--- Problem requirements ---
Count the lines below with the string "intro" in them. Only the number should be given.

Supplied data START

lemma set_integral_small_measure:
  fixes g :: "'a \<Rightarrow> real"
  assumes g: "integrable M g" "\<And>x. 0 \<le> g x" and "0 < \<epsilon>"
  obtains \<delta> where "0 < \<delta>"
    "\<And>A. A \<in> fmeasurable M \<Longrightarrow> measure M A < \<delta> \<Longrightarrow> (LINT x:A|M. g x) < \<epsilon>"
proof -
  define tail where "tail N x = g x - min (g x) (real N)" for N x
  have tail_int: "integrable M (tail N)" for N
    using borel_measurable_integrable[OF g(1)] g(2) unfolding tail_def
    by (intro Bochner_Integration.integrable_bound[OF g(1)]) (measurable, auto)
  have "(\<lambda>N. LINT x|M. tail N x) \<longlonglongrightarrow> 0"
    unfolding tail_def by (rule integral_truncation_tail_tendsto_0[OF g])
  then have "\<forall>\<^sub>F N in sequentially. (LINT x|M. tail N x) < \<epsilon>/2"
    using \<open>0 < \<epsilon>\<close> by (intro order_tendstoD(2)) auto
  then obtain N where N: "(LINT x|M. tail N x) < \<epsilon>/2"
    unfolding eventually_sequentially by blast
  show ?thesis
  proof
    show "0 < \<epsilon> / (2 * (real N + 1))" using \<open>0 < \<epsilon>\<close> by simp
    fix A assume A: "A \<in> fmeasurable M" and small: "measure M A < \<epsilon> / (2 * (real N + 1))"
    have ind: "integrable M (indicator A :: 'a \<Rightarrow> real)"
      using A by (auto simp: fmeasurable_def)
    have "(LINT x:A|M. g x) \<le> (LINT x|M. tail N x + real N * indicator A x)"
      unfolding set_lebesgue_integral_def
    proof (rule integral_mono)
      show "integrable M (\<lambda>x. indicator A x *\<^sub>R g x)"
        using A g(1) by (intro integrable_mult_indicator) auto
      show "integrable M (\<lambda>x. tail N x + real N * indicator A x)"
        using tail_int ind by auto
      show "indicator A x *\<^sub>R g x \<le> tail N x + real N * indicator A x" for x
        using g(2)[of x] by (auto simp: tail_def indicator_def min_def)
    qed
    also have "\<dots> = (LINT x|M. tail N x) + real N * measure M A"
      using tail_int ind A by (simp add: fmeasurable_def Int_absorb2 sets.sets_into_space)
    also have "\<dots> < \<epsilon>/2 + real N * (\<epsilon> / (2 * (real N + 1)))"
      using N small by (intro add_less_le_mono mult_left_mono) auto
    also have "\<dots> \<le> \<epsilon>"
      using \<open>0 < \<epsilon>\<close> by (simp add: field_simps)
    finally show "(LINT x:A|M. g x) < \<epsilon>" .
  qed
qed

lemma tagged_division_real_interval:
  assumes "D tagged_division_of {u..v::real}" "(x, K) \<in> D"
  obtains c d where "K = {c..d}" "c \<le> x" "x \<le> d"
proof -
  obtain c d where "K = cbox c d" using tagged_division_ofD(4)[OF assms] by blast
  moreover have "x \<in> K" using tagged_division_ofD(2)[OF assms] .
  ultimately show ?thesis using that by auto
qed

Supplied data END

--- Exercise answer ---
4